Demand Paging Overview

Purpose

Demand paging trades off increased available RAM against increased data latency, increased media wear and increased power usage. Overall performance may be increased as there can be more RAM available to each application as it runs.

Demand paging is used to reduce the amount of RAM that needs to be shipped with a device and so reduces the device cost.

Description

Demand paging relies on the fact that most memory access is likely to occur in a small region of memory and not spread over the entire memory map. This means that if only that small area of memory is available to a process (or thread) at any one time, then the amount of RAM required can be reduced. The small area of memory is known as a page. The working RAM is broken down into pages, some of which are used directly by the processor and the rest are spare. Since Symbian platform is a multi-tasking operating system, there is more than one page in the working RAM at any one time. There is one page per thread.

There are three types of demand paging: ROM paging, code paging and writable data paging. All of these types of demand paging have some features in common:

• A free RAM pool

• Working RAM

• Paging Fault Handler

• A source of code and/or data that the processor needs to access.

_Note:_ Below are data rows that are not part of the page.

(* Let $d=1$, $\mathcal{O}_1=\mathbb{Z}[i]$, $\Delta$ a positive integer not of the form $\beta\bar\beta$ with $\beta\in\mathbb{Z}[i]$, $k\ge1$ odd, and $$P_{k,\Delta}(z,\bar z)=\sum_{\substack{(a,b,c)\in\mathbb{Z}\times\mathbb{Z}[i]\times\mathbb{Z}\\ b\bar b-ac=\Delta,\ c<0<a}}\left(az\bar z+bz+\bar b\bar z+c\right)^k .$$ Then $P_{k,\Delta}\in W_{k,k}^1$. Consequently there is a (unique) $f\in C_p(\Gamma_1,V_{k,k})$ with $f(S)=P_{k,\Delta}$.
   Context: $V_{k,k}$: polynomials $\sum_{0\le i,j\le k}c_{ij}z^i\bar z^j$ over $\mathbb{C}$ with right action $(P|\gamma)(z,\bar z)=(cz+e)^k\overline{(cz+e)}^kP\!\left(\frac{az+b}{cz+e},\frac{\bar a\bar z+\bar b}{\bar c\bar z+\bar e}\right)$ for $\gamma=\begin{psmallmatrix}a&b\\c&e\end{psmallmatrix}$, extended linearly; $\ker(X)=\{P:P|X=0\}$. $S=\begin{psmallmatrix}0&-1\\1&0\end{psmallmatrix}$, $T=\begin{psmallmatrix}1&1\\0&1\end{psmallmatrix}$, $T_\omega=\begin{psmallmatrix}1&i\\0&1\end{psmallmatrix}$, $L=\begin{psmallmatrix}i&0\\0&-i\end{psmallmatrix}$, $U=TS$, $E=T_\omega SL$; $W_{k,k}=\ker(\mathbf{1}+S)\cap\ker(\mathbf{1}-L)\cap\ker(\mathbf{1}+U+U^2)\cap\ker(\mathbf{1}+E+E^2)$ and $W_{k,k}^1=\{P\in W_{k,k}:P(iz,\bar i\bar z)=P(z,\bar z)\}$. $\Gamma_1=\mathbf{PSL}(2,\mathbb{Z}[i])$ and $C_p(\Gamma_1,V_{k,k})$ is the space of $f:\Gamma_1\to V_{k,k}$ with $f(\gamma_1\gamma_2)=f(\gamma_1)|\gamma_2+f(\gamma_2)$ and $f(T)=f(T_\omega)=f(L)=0$. *)

theory Defs
  imports Complex_Main "HOL-Computational_Algebra.Polynomial"
begin

text \<open>Elements of V_{k,k} are polynomials in two formal variables z and zbar,
  represented as bivariate polynomials: the outer variable is z, the inner one is zbar.\<close>

type_synonym bipoly = "complex poly poly"

definition Zv :: bipoly where "Zv = [:0, 1:]"
definition Wv :: bipoly where "Wv = [:[:0, 1:]:]"
definition cst :: "complex \<Rightarrow> bipoly" where "cst c = [:[:c:]:]"

definition bcoeff :: "bipoly \<Rightarrow> nat \<Rightarrow> nat \<Rightarrow> complex" where
  "bcoeff P i j = coeff (coeff P i) j"

definition eval2 :: "bipoly \<Rightarrow> complex \<Rightarrow> complex \<Rightarrow> complex" where
  "eval2 P z w = poly (map_poly (\<lambda>q. poly q w) P) z"

definition Vkk :: "nat \<Rightarrow> bipoly set" where
  "Vkk k = {P. \<forall>i j. (k < i \<or> k < j) \<longrightarrow> bcoeff P i j = 0}"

With demand paging, the processor requires content to be present in the working RAM. If the content is not present, then a 'paging fault' occurs and the required information is loaded into a page of the working RAM. This is known as "paged-in". When the contents of this page are no longer required, then the page returns to the pool of free RAM. This is known as "paging-out".

The difference between the types of demand paging is the source that is to be used:

• For ROM paging, it is code and/or data stored under the ROM file system

• For code paging, it is code and/or data stored using ROFS file system

• For writable data paging, it is the writable data stored in RAM, for example user stacks and heaps. In this case, the data is moved to a backing store.

The diagram above shows the basic operations involved in demand paging:

1. The processor wants to access content which is not available in the working RAM, causing a 'paging fault'.

2. The paging fault handler starts the process for copying a page of the source into a page of RAM.

3. A page is selected.

4. The contents of the source is loaded into the page and this becomes part of the working memory.

5. When the contents of the page are no longer required, the page is returned to the free RAM pool.

Demand Paging features

Demand Paging provides the following features:

• Reduced amount of RAM required

• Improved performance in applications that involve loading a large amount of code into RAM, since the number of memory access operations required has been reduced

• Improved stability in Out Of Memory (OOM) conditions.

Demand Paging limitations

The following are known limitations of Demand Paging:

• The access time cannot be guaranteed.

  There is an orders of magnitude difference in the access time between an access where no page fault occurs and one where a page fault occurs. If a page fault does not occur, then the time taken for a memory access is in the tens to hundreds of nanosecond range. If a page fault does occur, then the time taken for a memory access could be in the millisecond range

• Device drivers have to be written to allow for data latency when a page fault occurs.